I want to draw your attention to an article by A. Wess Mitchell that appeared in the National Interest in August 2021. The article, A Strategy for Avoiding Two-Front War, is an excellent summary of how the US foreign policy elite view the world — i.e., the United States faces two formidable enemies, Russia and China, and we need to figure out a way to screw them over and maintain our hegemony. But Mitchell is not engaged in an academic exercise… he prepared a version of this paper for the Pentagon Office of Net Assessment in fall 2020. This was a road map for the war in Ukraine — i.e., provoke Russia into attacking Ukraine and then, with Western help, beat the hell out of them.
I learned of this article today while listening to Alexander Mercouris. Mr. Mitchell is an intelligent, well-educated man, but he is captive to an ideology and world view that plagues the Deep State. He conjures up a Manichean-world, portraying Russia and China as ravenous imperialists hell-bent on devouring the peace loving countries of the world, while touting the United States as the force for good. He ignores the fact that the United States, not Russia or China, has been the one country during the last 70-years that has launched multiple color revolutions and relentlessly attacked and pillaged scores of nations around the world. His piece has one purpose — create a straw man, only in this case it is straw men, to justify US military expansion, but doing so under the guise of diplomacy.
Mitchell correctly acknowledges that the United States lacks the military strength and resources to simultaneously engage both Russia and China. At least he is not insane. He discusses three diplomatic options that could be employed to contain Russia and China:
Option 1: “Flip” the weaker. Perhaps the most common form of sequencing is to align with the weaker of two rivals in order to concentrate resources on the stronger. This is the method that Edwardian Britain used when it recruited Tsarist Russia—against which it had waged a decades-long cold war in Central Asia no less intense than our own—into an alliance against Imperial Germany.
Option 2: Defer competition with the stronger. A second sequencing strategy is to delay rivalry with the stronger of two opponents in order to deal conclusively with the weaker. The mid-sixteenth-century Republic of Venice employed such a strategy to deflect the threat of the rising Ottoman Empire and deal conclusively with its mainland rival Milan. A similar logic guided Britain’s ill-fated quest in the 1930s to appease Germany in order to prioritize naval resources for the Far East and buy time for rearmament in Europe.

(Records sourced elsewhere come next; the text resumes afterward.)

(* Let $\mathcal F,\mathcal H,\mathcal G$ be lattice filters of an MV-algebra $\mathcal L$ with $\mathcal F\subseteq\mathcal G$ and $\mathcal H\subseteq\mathcal G$. Then $$\mathcal F\subseteq\mathcal H\sqsubseteq\!\!\to\mathcal G\iff\mathcal H\subseteq\mathcal F\sqsubseteq\!\!\to\mathcal G.$$
   Context: $\mathcal L=(L,\oplus,\lnot,0)$ is an MV-algebra. We write $1=\lnot0$, $x\otimes y=\lnot(\lnot x\oplus\lnot y)$, and $x\to y=\lnot x\oplus y$, and use the usual lattice order. A lattice filter is a nonempty upward-closed subset closed under $\wedge$. For an upward-closed set $\mathcal F$ and $a\in L$, let $\mathcal F_a=\{z: z\to a\notin\mathcal F\}$. For $\mathcal F\subseteq\mathcal G$ we put $\mathcal F\sqsubseteq\!\!\to\mathcal G=\bigcap_{a\in L\setminus\mathcal G}\mathcal F_a$. *)

theory Defs
  imports Main
begin

text \<open>MV-algebras (Chang's axioms, in Mundici's reduced form), on a carrier set L.\<close>

locale mv_algebra =
  fixes L :: "'a set"
    and oplus :: "'a \<Rightarrow> 'a \<Rightarrow> 'a" (infixl "\<oplus>" 65)
    and neg :: "'a \<Rightarrow> 'a"
    and zero :: "'a"
  assumes zero_closed: "zero \<in> L"
    and oplus_closed: "\<lbrakk>x \<in> L; y \<in> L\<rbrakk> \<Longrightarrow> x \<oplus> y \<in> L"
    and neg_closed: "x \<in> L \<Longrightarrow> neg x \<in> L"
    and oplus_assoc: "\<lbrakk>x \<in> L; y \<in> L; z \<in> L\<rbrakk> \<Longrightarrow> x \<oplus> (y \<oplus> z) = (x \<oplus> y) \<oplus> z"
    and oplus_comm: "\<lbrakk>x \<in> L; y \<in> L\<rbrakk> \<Longrightarrow> x \<oplus> y = y \<oplus> x"
    and oplus_zero: "x \<in> L \<Longrightarrow> x \<oplus> zero = x"
    and neg_neg: "x \<in> L \<Longrightarrow> neg (neg x) = x"
    and oplus_one: "x \<in> L \<Longrightarrow> x \<oplus> neg zero = neg zero"
    and lukasiewicz: "\<lbrakk>x \<in> L; y \<in> L\<rbrakk> \<Longrightarrow> neg (neg x \<oplus> y) \<oplus> y = neg (neg y \<oplus> x) \<oplus> x"
begin

definition one :: 'a where "one = neg zero"

definition otimes :: "'a \<Rightarrow> 'a \<Rightarrow> 'a" (infixl "\<otimes>" 70)
  where "x \<otimes> y = neg (neg x \<oplus> neg y)"

definition impl :: "'a \<Rightarrow> 'a \<Rightarrow> 'a" (infixr "\<rightharpoonup>" 60)
  where "x \<rightharpoonup> y = neg x \<oplus> y"

definition leq :: "'a \<Rightarrow> 'a \<Rightarrow> bool"
  where "leq x y \<longleftrightarrow> neg x \<oplus> y = one"

definition meet :: "'a \<Rightarrow> 'a \<Rightarrow> 'a"
  where "meet x y = x \<otimes> (neg x \<oplus> y)"

definition up_closed :: "'a set \<Rightarrow> bool"
  where "up_closed F \<longleftrightarrow> F \<subseteq> L \<and> (\<forall>x\<in>F. \<forall>y\<in>L. leq x y \<longrightarrow> y \<in> F)"

definition lattice_filter :: "'a set \<Rightarrow> bool"
  where "lattice_filter F \<longleftrightarrow> F \<noteq> {} \<and> up_closed F \<and> (\<forall>x\<in>F. \<forall>y\<in>F. meet x y \<in> F)"

definition Fsub :: "'a set \<Rightarrow> 'a \<Rightarrow> 'a set"
  where "Fsub F a = {z \<in> L. (z \<rightharpoonup> a) \<notin> F}"

definition rel_impl :: "'a set \<Rightarrow> 'a set \<Rightarrow> 'a set"
  where "rel_impl F G = {z \<in> L. \<forall>a \<in> L - G. z \<in> Fsub F a}"

end

end

theory Submission
  imports Defs
begin

(* The theorem is a Galois-type symmetry, and it
   rests on a single MV-algebra inequality: y \<le> (y \<rightarrow> a) \<rightarrow> a.

   Indeed, assume F \<subseteq> H \<sqsubseteq>\<rightarrow> G, and let y \<in> H and a \<notin> G.  If y \<rightarrow> a were
   in F, then (y \<rightarrow> a) \<rightarrow> a \<notin> H; but (y \<rightarrow> a) \<rightarrow> a lies above y \<in> H and H is
   upward closed, a contradiction.  Hence y \<in> F \<sqsubseteq>\<rightarrow> G. *)

context mv_algebra
begin

lemma one_closed: "one \<in> L"
  unfolding one_def using zero_closed neg_closed by blast

lemma impl_closed: "\<lbrakk>x \<in> L; y \<in> L\<rbrakk> \<Longrightarrow> x \<rightharpoonup> y \<in> L"
  unfolding impl_def using neg_closed oplus_closed by blast

lemma zero_oplus: "x \<in> L \<Longrightarrow> zero \<oplus> x = x"
  using oplus_comm[of zero x] oplus_zero[of x] zero_closed by simp

lemma one_oplus: "x \<in> L \<Longrightarrow> one \<oplus> x = one"
  using oplus_comm[OF one_closed] oplus_one unfolding one_def by simp

text \<open>Complementation law: \<not>x \<oplus> x = 1, obtained from the \L{}ukasiewicz
  axiom instantiated at y = 1.\<close>
lemma neg_oplus_self: "x \<in> L \<Longrightarrow> neg x \<oplus> x = one"
proof -
  assume x: "x \<in> L"
  have "neg (neg x \<oplus> one) \<oplus> one = neg (neg one \<oplus> x) \<oplus> x"
    using lukasiewicz[OF x one_closed] .
  moreover have "neg x \<oplus> one = one"
    using oplus_one neg_closed x unfolding one_def by simp
  moreover have "neg one = zero" using neg_neg zero_closed unfolding one_def by simp
  ultimately show ?thesis
    using zero_oplus one_oplus x one_closed neg_closed by simp
qed

lemma leq_oplus_left:
  assumes x: "x \<in> L" and t: "t \<in> L"
  shows "leq x (t \<oplus> x)"
proof -
  have "neg x \<oplus> (t \<oplus> x) = neg x \<oplus> (x \<oplus> t)" using oplus_comm t x by simp
  also have "\<dots> = (neg x \<oplus> x) \<oplus> t" using oplus_assoc neg_closed x t by simp
  also have "\<dots> = one" using neg_oplus_self one_oplus x t by simp
  finally show ?thesis unfolding leq_def .
qed

text \<open>The key inequality y \<le> (y \<rightarrow> a) \<rightarrow> a: by the \L{}ukasiewicz axiom
  (y \<rightarrow> a) \<rightarrow> a = \<not>(\<not>a \<oplus> y) \<oplus> y, which lies above y.\<close>
lemma leq_double_impl:
  assumes y: "y \<in> L" and a: "a \<in> L"
  shows "leq y ((y \<rightharpoonup> a) \<rightharpoonup> a)"
proof -
  have "(y \<rightharpoonup> a) \<rightharpoonup> a = neg (neg a \<oplus> y) \<oplus> y"
    unfolding impl_def using lukasiewicz[OF y a] .
  moreover have "neg (neg a \<oplus> y) \<in> L" using neg_closed oplus_closed a y by blast
  ultimately show ?thesis using leq_oplus_left y by simp
qed

lemma rel_impl_swap:
  assumes H: "up_closed H" and sub: "F \<subseteq> rel_impl H G"
  shows "H \<subseteq> rel_impl F G"
proof
  fix y assume yH: "y \<in> H"
  have yL: "y \<in> L" using H yH unfolding up_closed_def by blast
  have "y \<in> Fsub F a" if aLG: "a \<in> L - G" for a
  proof (rule ccontr)
    assume "y \<notin> Fsub F a"
    hence "y \<rightharpoonup> a \<in> F" using yL unfolding Fsub_def by blast
    hence not_in_H: "(y \<rightharpoonup> a) \<rightharpoonup> a \<notin> H"
      using sub aLG unfolding rel_impl_def Fsub_def by blast
    have aL: "a \<in> L" using aLG by blast
    have "(y \<rightharpoonup> a) \<rightharpoonup> a \<in> H"
      using H yH leq_double_impl[OF yL aL] impl_closed[OF impl_closed[OF yL aL] aL]
      unfolding up_closed_def by blast
    with not_in_H show False by contradiction
  qed
  thus "y \<in> rel_impl F G" using yL unfolding rel_impl_def by blast
qed

end

theorem mainTheorem6:
  assumes "mv_algebra L oplus neg zero"
    and "mv_algebra.lattice_filter L oplus neg zero F"
    and "mv_algebra.lattice_filter L oplus neg zero H"
    and "mv_algebra.lattice_filter L oplus neg zero G"
    and "F \<subseteq> G" and "H \<subseteq> G"
  shows "F \<subseteq> mv_algebra.rel_impl L oplus neg H G
     \<longleftrightarrow> H \<subseteq> mv_algebra.rel_impl L oplus neg F G"
proof -
  interpret mv_algebra L oplus neg zero by (fact assms(1))
  have "up_closed F" and "up_closed H"
    using assms(2,3) unfolding lattice_filter_def by simp_all
  thus ?thesis using rel_impl_swap by blast
qed

end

Option 3: Co-opt both rivals. The third and most difficult, but perhaps most elegant, solution for the simultaneity problem has been to transcend it entirely—to negate its pressures by co-opting both rivals into cooperative structures that prevent or mitigate conflict. This was the method that the nineteenth-century Austrian statesman Klemens von Metternich used to enmesh Austria’s flanking rivals, France and Russia, in a system of concert diplomacy that kept the peace in Europe for almost a century.
So what does Mr. Mitchell propose? The war in Ukraine:
The leitmotif of the Russia-in-Europe policy should be adamantine resistance to Russian expansion culminating in a decisive defeat for Russia’s present aims in Europe’s borderlands. If history is any indication, Russia only takes détente with an adversary seriously after it has been forced to do so by a defeat or serious setback. This was as much a precondition for Ronald Reagan’s success at Reykjavík after the Soviet defeat in Afghanistan as it was for the English statesmen who brokered the Anglo-Russian entente after Russia’s defeat at Port Arthur in 1905. Attempts to reach détente before Russia has suffered such a setback are not only likely to fail, they are also likely to be counterproductive insofar as they implicitly concede territory and validate the wager of Russia’s current leaders that renewed empire in the west is achievable by force of arms.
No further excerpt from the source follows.